Work to complete –
Which lines in the records below contain the word "forall"? Copy each one out.
□ □ □ □
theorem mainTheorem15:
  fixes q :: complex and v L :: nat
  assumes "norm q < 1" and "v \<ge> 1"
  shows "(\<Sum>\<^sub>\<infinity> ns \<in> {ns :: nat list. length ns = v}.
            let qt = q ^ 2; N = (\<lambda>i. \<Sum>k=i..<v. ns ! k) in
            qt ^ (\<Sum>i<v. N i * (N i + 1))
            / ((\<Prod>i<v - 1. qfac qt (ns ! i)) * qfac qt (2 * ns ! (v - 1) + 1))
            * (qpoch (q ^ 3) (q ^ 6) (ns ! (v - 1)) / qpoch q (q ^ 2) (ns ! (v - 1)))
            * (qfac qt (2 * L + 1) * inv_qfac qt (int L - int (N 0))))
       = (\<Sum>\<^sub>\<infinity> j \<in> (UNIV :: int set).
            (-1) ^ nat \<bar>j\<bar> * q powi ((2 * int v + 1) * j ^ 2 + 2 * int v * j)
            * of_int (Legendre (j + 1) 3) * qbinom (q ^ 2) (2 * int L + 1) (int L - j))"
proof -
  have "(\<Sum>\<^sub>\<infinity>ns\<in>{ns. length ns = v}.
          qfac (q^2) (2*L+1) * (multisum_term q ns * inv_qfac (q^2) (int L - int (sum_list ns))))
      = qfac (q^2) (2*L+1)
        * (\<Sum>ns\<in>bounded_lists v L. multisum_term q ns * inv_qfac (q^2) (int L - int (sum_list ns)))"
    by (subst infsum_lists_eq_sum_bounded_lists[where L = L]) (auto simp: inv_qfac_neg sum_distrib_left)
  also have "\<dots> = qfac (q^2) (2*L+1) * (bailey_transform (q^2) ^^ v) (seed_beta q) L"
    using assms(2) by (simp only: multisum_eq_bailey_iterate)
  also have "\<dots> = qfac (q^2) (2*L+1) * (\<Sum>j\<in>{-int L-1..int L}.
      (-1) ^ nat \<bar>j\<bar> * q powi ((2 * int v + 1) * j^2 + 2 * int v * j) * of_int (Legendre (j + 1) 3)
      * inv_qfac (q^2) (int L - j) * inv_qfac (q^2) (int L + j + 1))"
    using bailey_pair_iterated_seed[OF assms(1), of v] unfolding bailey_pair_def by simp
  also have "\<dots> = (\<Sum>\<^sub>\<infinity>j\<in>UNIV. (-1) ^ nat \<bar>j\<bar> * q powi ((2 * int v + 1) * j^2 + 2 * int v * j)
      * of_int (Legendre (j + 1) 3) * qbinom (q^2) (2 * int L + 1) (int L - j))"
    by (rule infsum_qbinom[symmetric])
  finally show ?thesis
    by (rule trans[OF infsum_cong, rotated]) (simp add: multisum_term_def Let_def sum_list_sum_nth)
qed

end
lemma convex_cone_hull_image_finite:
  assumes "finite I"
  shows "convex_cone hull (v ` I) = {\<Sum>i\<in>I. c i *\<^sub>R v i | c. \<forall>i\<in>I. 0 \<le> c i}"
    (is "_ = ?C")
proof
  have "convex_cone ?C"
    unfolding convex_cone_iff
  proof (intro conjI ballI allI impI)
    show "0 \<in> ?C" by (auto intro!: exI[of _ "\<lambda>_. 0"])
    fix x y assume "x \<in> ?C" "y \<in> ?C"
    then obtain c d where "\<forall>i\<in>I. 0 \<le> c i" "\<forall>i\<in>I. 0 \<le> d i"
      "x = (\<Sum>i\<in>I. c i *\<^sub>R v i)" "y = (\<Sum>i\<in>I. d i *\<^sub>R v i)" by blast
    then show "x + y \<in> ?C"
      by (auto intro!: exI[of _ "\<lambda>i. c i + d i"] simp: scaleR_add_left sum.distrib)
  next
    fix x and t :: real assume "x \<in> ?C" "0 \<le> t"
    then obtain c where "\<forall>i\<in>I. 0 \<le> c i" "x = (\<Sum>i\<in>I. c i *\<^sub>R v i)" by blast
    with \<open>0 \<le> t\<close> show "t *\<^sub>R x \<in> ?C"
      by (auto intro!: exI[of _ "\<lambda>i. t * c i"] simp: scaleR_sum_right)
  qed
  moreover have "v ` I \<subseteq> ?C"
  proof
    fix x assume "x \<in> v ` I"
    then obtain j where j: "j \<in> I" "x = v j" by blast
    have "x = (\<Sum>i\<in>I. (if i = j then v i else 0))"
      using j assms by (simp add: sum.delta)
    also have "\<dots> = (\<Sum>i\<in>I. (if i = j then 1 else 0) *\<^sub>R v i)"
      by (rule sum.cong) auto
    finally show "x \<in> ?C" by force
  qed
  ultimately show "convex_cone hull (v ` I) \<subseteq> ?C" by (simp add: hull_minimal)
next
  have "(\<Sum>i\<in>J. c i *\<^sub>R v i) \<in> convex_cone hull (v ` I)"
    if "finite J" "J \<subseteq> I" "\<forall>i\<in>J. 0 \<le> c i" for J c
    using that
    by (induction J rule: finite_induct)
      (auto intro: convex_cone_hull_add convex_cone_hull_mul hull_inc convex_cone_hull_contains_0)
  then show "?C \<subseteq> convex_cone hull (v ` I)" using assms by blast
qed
□ □ □ □
The answer –
  shows "convex_cone hull (v ` I) = {\<Sum>i\<in>I. c i *\<^sub>R v i | c. \<forall>i\<in>I. 0 \<le> c i}"
    then obtain c d where "\<forall>i\<in>I. 0 \<le> c i" "\<forall>i\<in>I. 0 \<le> d i"
    then obtain c where "\<forall>i\<in>I. 0 \<le> c i" "x = (\<Sum>i\<in>I. c i *\<^sub>R v i)" by blast
    if "finite J" "J \<subseteq> I" "\<forall>i\<in>J. 0 \<le> c i" for J c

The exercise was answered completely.